The addition of new exploration modalities will also be studied. Thus the "potter metaphor" will allow to rapidly evaluate, and without effort, the results of deformations realized by turning the object by simple hand movement on the horizontal display of the workbench.

Augmented visualization modes.

The perception of the relative positioning of geometric forms in the environment can sometimes be problematic, due to the employed visualization techniques, and the difficulty posed by simply changing the user's point of view in relation to the application. The usage of "augmented" visualization modes (e.g. the objects shadows) will provide the user important visual indices for the perception of depth information. Other visualization modes, such as the surface coloration of the constraint area by a realized deformation will give the user a real-time feedback on the status of the interaction.

Gesture-assisted techniques.

The lack of accuracy of the utilized peripheral devices (especially data gloves) will be compensated by a support technique for the selection of application point of the initial constraint and the control of the deformation gesture. An idea is e.g. to help the user in inputing local maxima by the implementation of a metaphor of type "potential wells". The deformation gesture can be imprecise and therefore we are working on the correction of the manipulation errors thanks to parasite movements smoothing algorithms and/or correction of the trajectory according to the features of the deformation constraint.

Materialization of properties using haptic feedback.

We will study the materialization of some properties in tactile form with the purpose of reduction of visual overcharge. We improve the gesture control with the introduction of force feedback in particular in applications of geometric modeling and surgery gestures simulations.

Virtual reality platform

We offer to share our main results with the community, particularly in the form of a software platform around a virtual interaction toolbox in link with the IRMC platform. We also jointly work on the VR platform set up by the Alsace region in 2007 (Iconoval and Holo3). Our CNRS research engineer heads this project in collaboration, from one side, with the head of the VR platform of Alsace region, Silvère Besse,and from the other side in coherence with the IRMC platform within the world-class pole of competitiveness "Innovations Thérapeutiques" (therapeutic innovations).

We will integrate in this VR platform interaction techniques for the selection, manipulation and edition of huge sets of objects in 3D complex scenes. This work will be applied to the modeling and editing of details in natural scenes and to the processing and interactive visualization of large and complex data coming from numerical simulation (ANR Masse de données DNA et MASSIM).

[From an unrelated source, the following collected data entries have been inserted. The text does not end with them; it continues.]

(* Let $M>0$, $g>0$, $U_{max}>0$ and $\epsilon>0$, and set $\gamma=\dfrac{\pi}{2\arctan(\epsilon U_{max})}$. For $f\in\mathbb{R}$ define $\bar\theta(f)=\sigma_{\pi/2}\big(\gamma\arctan(\epsilon f)\big)$ and $u_1(f)=\dfrac{f}{\sin\bar\theta(f)}$ for $f\neq 0$, $u_1(0)=\dfrac{1}{\gamma\epsilon}$. Let $\bar\alpha\in[0,\pi]$ be any steady-state inclination with $|Mg\cos\bar\alpha|\le U_{max}$, and let $\bar f_t=Mg\cos\bar\alpha$ be the corresponding steady-state tangential force. Then the steady-state thrust $\bar u_1=u_1(\bar f_t)$ satisfies $|\bar u_1|\le U_{max}$.
   Context: The saturation function is $\sigma_\lambda(x)=\operatorname{sign}(x)\min(|x|,\lambda)$ for $\lambda\ge 0$. Setting: a planar rigid object of inclination $\alpha$ (w.r.t. the horizon) is carried at one end by a ground vehicle and at the other end by a quadrotor producing thrust $u_1$ with constraint $0\le u_1\le U_{max}$; $M$ is the apparent mass of UAV and object and $g$ the gravitational acceleration. At an equilibrium with inclination $\bar\alpha$ the controller demands the tangential force $\bar f_t=Mg\cos\bar\alpha$, which is produced by choosing the relative UAV attitude $\bar\theta(\bar f_t)$ and thrust $u_1(\bar f_t)=\bar f_t/\sin\bar\theta(\bar f_t)$ (so that $u_1\sin\bar\theta=\bar f_t$). *)

theory Defs
  imports Complex_Main
begin

definition sat :: "real \<Rightarrow> real \<Rightarrow> real" where
  "sat lam x = sgn x * min \<bar>x\<bar> lam"

definition gam :: "real \<Rightarrow> real \<Rightarrow> real" where
  "gam \<epsilon> Umax = pi / (2 * arctan (\<epsilon> * Umax))"

definition theta_bar :: "real \<Rightarrow> real \<Rightarrow> real \<Rightarrow> real" where
  "theta_bar \<epsilon> Umax f = sat (pi/2) (gam \<epsilon> Umax * arctan (\<epsilon> * f))"

definition u1 :: "real \<Rightarrow> real \<Rightarrow> real \<Rightarrow> real" where
  "u1 \<epsilon> Umax f = (if f = 0 then 1 / (gam \<epsilon> Umax * \<epsilon>)
                     else f / sin (theta_bar \<epsilon> Umax f))"

end

theory Submission
  imports Defs "HOL-Analysis.Complex_Transcendental" "HOL-Decision_Procs.Approximation_Bounds"
begin

text \<open>
  Write \<open>a = arctan (\<epsilon> Umax)\<close>, so that \<open>theta_bar f = (pi/2) (arctan (\<epsilon> f) / a)\<close> whenever
  \<open>0 < f \<le> Umax\<close>; no saturation takes place. Jordan's inequality \<open>sin (pi/2 s) \<ge> s\<close> on
  \<open>[0, 1]\<close> gives \<open>sin (theta_bar f) \<ge> arctan (\<epsilon> f) / a\<close>, and since \<open>arctan x / x\<close> is
  decreasing this is at least \<open>f / Umax\<close>; hence \<open>u1 f = f / sin (theta_bar f) \<le> Umax\<close>.
  Negative \<open>f\<close> reduce to positive ones because \<open>u1\<close> is even, and
  \<open>u1 0 = 2a / (pi \<epsilon>) \<le> Umax\<close> follows from \<open>arctan x \<le> x\<close>.
\<close>

lemma mult_cos_le_sin:
  fixes x :: real
  assumes "0 \<le> x" "x \<le> pi"
  shows "x * cos x \<le> sin x"
proof -
  have "sin 0 - 0 * cos 0 \<le> sin x - x * cos x"
  proof (rule DERIV_nonneg_imp_nondecreasing[OF \<open>0 \<le> x\<close>])
    fix z assume z: "0 \<le> z" "z \<le> x"
    have "((\<lambda>x. sin x - x * cos x) has_real_derivative z * sin z) (at z)"
      by (auto intro!: derivative_eq_intros)
    moreover have "0 \<le> z * sin z"
      using z assms by (simp add: sin_ge_zero)
    ultimately show "\<exists>y. ((\<lambda>x. sin x - x * cos x) has_real_derivative y) (at z) \<and> 0 \<le> y"
      by blast
  qed
  then show ?thesis by simp
qed

lemma sin_divide_antimono:
  fixes x y :: real
  assumes "0 < x" "x \<le> y" "y \<le> pi"
  shows "sin y / y \<le> sin x / x"
  using assms
  by (intro DERIV_nonpos_imp_nonincreasing[where f = "\<lambda>x. sin x / x"])
    (auto intro!: derivative_eq_intros divide_nonpos_nonneg simp: mult_cos_le_sin mult.commute)

lemma jordan_inequality:
  fixes x :: real
  assumes "0 \<le> x" "x \<le> pi / 2"
  shows "2 / pi * x \<le> sin x"
proof (cases "x = 0")
  case False
  then have "sin (pi / 2) / (pi / 2) \<le> sin x / x"
    using sin_divide_antimono[of x "pi / 2"] assms by simp
  then show ?thesis
    using False assms by (simp add: field_simps)
qed simp

lemma sat_eq_self: "\<bar>x\<bar> \<le> lam \<Longrightarrow> sat lam x = x"
  by (auto simp: sat_def sgn_if)

lemma u1_uminus: "u1 \<epsilon> Umax (- f) = u1 \<epsilon> Umax f"
  by (simp add: u1_def theta_bar_def sat_def arctan_minus sgn_minus)

lemma theta_bar_unsaturated:
  assumes "\<epsilon> > 0" "0 < f" "f \<le> Umax"
  shows "theta_bar \<epsilon> Umax f = pi / 2 * (arctan (\<epsilon> * f) / arctan (\<epsilon> * Umax))"
proof -
  define r where "r = arctan (\<epsilon> * f) / arctan (\<epsilon> * Umax)"
  have num_pos: "0 < arctan (\<epsilon> * f)" and num_le: "arctan (\<epsilon> * f) \<le> arctan (\<epsilon> * Umax)"
    using assms by (simp_all add: arctan_le_iff)
  then have den_pos: "0 < arctan (\<epsilon> * Umax)"
    by linarith
  have "0 < r"
    unfolding r_def using num_pos den_pos by (rule divide_pos_pos)
  moreover have "r \<le> 1"
    unfolding r_def using den_pos num_le by (simp only: divide_le_eq_1_pos)
  ultimately have "\<bar>pi / 2 * r\<bar> \<le> pi / 2"
    by simp
  moreover have "gam \<epsilon> Umax * arctan (\<epsilon> * f) = pi / 2 * r"
    by (simp add: gam_def r_def)
  ultimately show ?thesis
    by (simp add: theta_bar_def sat_eq_self r_def)
qed

lemma divide_le_sin_theta_bar:
  assumes "\<epsilon> > 0" "0 < f" "f \<le> Umax"
  shows "f / Umax \<le> sin (theta_bar \<epsilon> Umax f)"
proof -
  define a where "a = arctan (\<epsilon> * Umax)"
  define s where "s = arctan (\<epsilon> * f) / a"
  have "0 < a"
    using assms by (simp add: a_def)
  have "\<epsilon> * f * a \<le> \<epsilon> * Umax * arctan (\<epsilon> * f)"
    using arctan_mult_mono[of "\<epsilon> * f" "\<epsilon> * Umax"] assms by (simp add: a_def)
  then have "f / Umax \<le> s"
    using assms \<open>0 < a\<close> by (simp add: s_def field_simps)
  moreover have "0 \<le> s" "s \<le> 1"
    using assms \<open>0 < a\<close> by (simp_all add: s_def a_def arctan_le_iff)
  then have "s \<le> sin (pi / 2 * s)"
    using jordan_inequality[of "pi / 2 * s"] by simp
  ultimately show ?thesis
    using theta_bar_unsaturated[OF assms] by (simp add: s_def a_def)
qed

lemma abs_u1_le_pos:
  assumes "\<epsilon> > 0" "0 < f" "f \<le> Umax"
  shows "\<bar>u1 \<epsilon> Umax f\<bar> \<le> Umax"
proof -
  have bound: "f / Umax \<le> sin (theta_bar \<epsilon> Umax f)"
    by (rule divide_le_sin_theta_bar[OF assms])
  moreover have "0 < f / Umax"
    using assms by simp
  ultimately have sin_pos: "0 < sin (theta_bar \<epsilon> Umax f)"
    by linarith
  have "f \<le> Umax * sin (theta_bar \<epsilon> Umax f)"
    using bound assms by (simp add: pos_divide_le_eq mult.commute)
  then have "f / sin (theta_bar \<epsilon> Umax f) \<le> Umax"
    using sin_pos by (simp add: pos_divide_le_eq)
  moreover have "0 \<le> f / sin (theta_bar \<epsilon> Umax f)"
    using sin_pos assms by simp
  ultimately show ?thesis
    using assms by (simp add: u1_def)
qed

lemma abs_u1_zero_le:
  assumes "\<epsilon> > 0" "Umax > 0"
  shows "\<bar>u1 \<epsilon> Umax 0\<bar> \<le> Umax"
proof -
  define a where "a = arctan (\<epsilon> * Umax)"
  have "0 < a"
    using assms by (simp add: a_def)
  have "2 * a \<le> 2 * (\<epsilon> * Umax)"
    using arctan_le_self[of "\<epsilon> * Umax"] assms by (simp add: a_def)
  also have "\<dots> \<le> pi * (\<epsilon> * Umax)"
    using pi_gt3 assms by (intro mult_right_mono) auto
  finally have "2 * a / (pi * \<epsilon>) \<le> Umax"
    using assms by (simp add: pos_divide_le_eq mult.commute mult.left_commute)
  moreover have "u1 \<epsilon> Umax 0 = 2 * a / (pi * \<epsilon>)"
    by (simp add: u1_def gam_def a_def)
  ultimately show ?thesis
    using \<open>0 < a\<close> assms by simp
qed

lemma abs_u1_le:
  assumes "\<epsilon> > 0" "Umax > 0" "\<bar>f\<bar> \<le> Umax"
  shows "\<bar>u1 \<epsilon> Umax f\<bar> \<le> Umax"
proof (cases f "0 :: real" rule: linorder_cases)
  case less
  then show ?thesis
    using abs_u1_le_pos[of \<epsilon> "- f" Umax] assms by (simp add: u1_uminus)
qed (use assms abs_u1_le_pos abs_u1_zero_le in auto)

theorem lemma2:
  fixes M g Umax \<epsilon> \<alpha> :: real
  assumes "M > 0" and "g > 0" and "Umax > 0" and "\<epsilon> > 0"
    and "0 \<le> \<alpha>" and "\<alpha> \<le> pi"
    and "\<bar>M * g * cos \<alpha>\<bar> \<le> Umax"
  shows "\<bar>u1 \<epsilon> Umax (M * g * cos \<alpha>)\<bar> \<le> Umax"
  using abs_u1_le assms by blast

end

Medical applications and VR

Concerning the applications, they will principally be centered on the medical and therapeutic domain, with our participation to the multi-labs program IRMC (Imagerie et Robotique Médicale et Chirurgicale) on themes of the world-class pole of competitiveness "Innovations Thérapeutiques" from Alsace region.

Manipulation, visualization and virtual navigation in the human body.

A first medical application will intend to elaborate methods and specific and ergonomic tools for realistic simulation of surgical gesture. Thus we will develop virtual navigation and manipulation techniques in a model of the human corps (abdomen) with palpation and insertion of a needle for radio-frequency and virtual endoscopy in the blood vessels.

Treatment of psychiatric troubles using VR.

A second medical application will study the impact of VR on psychiatric treatments of phobia or obsessional and compulsive troubles (OCT) by behavioral and cognitive therapies (BCT). The immersion of a sick person in a virtual environment will put him/her in situation in a gradual fashion and will allow the exploration of the effect of the variation of new parameters on the apprehension of the patient. The interaction with the virtual environment will offer a realistic immersive simulation of a real anxiety-provoking situation. The alimentary troubles will be studied in collaboration with the LINK (Céline Clément) and a psychiatric (Marc Villard). The schizophrenia could also be studied in collaboration with Professor Danion from the Hôpitaux Universitaires de Strasbourg (University Hospitals of Strasbourg).